STEVE: One key challenge is with generating and proper diamond tooling. Laboratories look at every expense, and cost per surface has become a major focal point. Everybody is defining their process based on the cost per surface. So, if they buy a diamond tool for their generator, how many cuts do they get out of it before it has to be replaced or re-sharpened, and what did they pay?

If they pay $500 and get 5,000 cuts, the cost per surface is 10 cents. But if they pay $1,000 and get 15,000 cuts, the cost is now 7 cents per surface. The cheapest tool is not always the most cost effective one. All costs, including broken lenses and additional labor need to be taken into consideration to really understand the final cost per surface. We help our customers to do just that.

OLP: You mentioned diagnosing over the phone. Do you use any other remote diagnostic tools?

STEVE: We can investigate various issues by logging into the machine. Today’s machines have macros and different speeds and feeds that can be adjusted. If we suspect macros and settings to be the root cause of a problem, we can log into the machine to review the macros. For a lot of those machines we have backup files that we can look at to compare current settings to the way the machine was set up originally.

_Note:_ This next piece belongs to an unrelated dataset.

(* Let $\mathbf{S}=(S_n)_{n\in\mathbb{N}}$ be a stationary information source with finite (totally ordered) alphabet $A$ and sequence-space model $(A^{\mathbb{N}},\mathcal{Z},m,\sigma)$, and let $\{m_s:s\in A^{\mathbb{N}}\}$ be the ergodic decomposition of $m$. Assume that $s\mapsto h_{m_s}(\mathbf{S})$ is $m$-integrable. Then \[ \liminf_{L\to\infty}\frac{1}{L-1}H_m(R_1^L)\ \ge\ h_m(\mathbf{S}). \]
   Context: $m$ is the shift-invariant probability measure on $A^{\mathbb{N}}$ induced by the process, $\mathcal{Z}$ the product $\sigma$-algebra and $\sigma$ the left shift. The ergodic decomposition is a family of $\sigma$-invariant ergodic probability measures $m_s$ with $m_{\sigma(s)}=m_s$ and $m(C)=\int_{A^{\mathbb{N}}}m_s(C)\,dm(s)$ for all $C\in\mathcal{Z}$. For a shift-invariant measure $\nu$, $h_\nu(\mathbf{S})=\lim_{L\to\infty}\frac1L H_\nu(S_1^L)$ is the metric (Shannon) entropy rate, where $H_\nu$ is Shannon entropy (base 2) of the distribution of the word $S_1^L=S_1\cdots S_L$ under $\nu$. Rank variables: $R_n=\sum_{i=1}^n\delta(S_i\le S_n)$, with $\delta(P)=1$ if $P$ holds and $0$ otherwise, and $R_1^L=R_1\cdots R_L$. *)

theory Defs
  imports "HOL-Probability.Probability"
begin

If the customer is running a substrate that we can go faster on, most likely we’re going to speed up the machine. But sometimes customers change things on their own and create a problem. In these cases we might have to bring the machine back to its original settings.

OLP: What specific problems have labs encountered that the aftermarket team corrected?

STEVE: Take polishing for instance. Polishing seems to be one of the forgotten areas. We put polish into a tank and the digital machine continues to push lenses through. We don’t see the problems until we get to final inspection.

This is something that drove us to developing the new polish chemistry. Customers were trying to push the number of lenses they could get through one tank of polish higher before completing a polish change. But when you run as much polycarbonate as we do in the U.S., this depletes the capabilities of the polish much quicker when compared to running just CR-39. The poly material, because it’s sticky, encapsulates the particulate within the polish and it gets to a point where it starts to scratch.

In the world of digital, if you start to see poly lenses coming out hazy or with surface scratches, most likely it’s the polish.

That’s what led Satisloh to start working on the chemistry of polish, not only the liquid portion but also the particulate, the solids, and to develop unique shapes and unique hardnesses that work much more effectively with substrates like polycarbonate, Trivex and other materials.

OLP: So what was the result?

STEVE: Digi-Pro Digital Polish was released at Vision Expo West. We’ve been implementing the new polish in labs for the last six months. Our customer base has been asking for a longer life polish. Instead of changing their tank out every four weeks, they want to change out every six. This means less labor. And you can finish more lenses per gallon which translates into a lower cost per surface. Digi-Pro accomplishes this for our customers.

With Satisloh, the consumables and the process are just as important as the piece of equipment itself. If you have a half million dollar piece of equipment, but you don’t have the right diamond or coolant or calibration, you’re still going to make bad lenses.

OLP: What other consumables does Satisloh provide?

STEVE: Satisloh offers consumables for every process, from blocking to finishing to AR.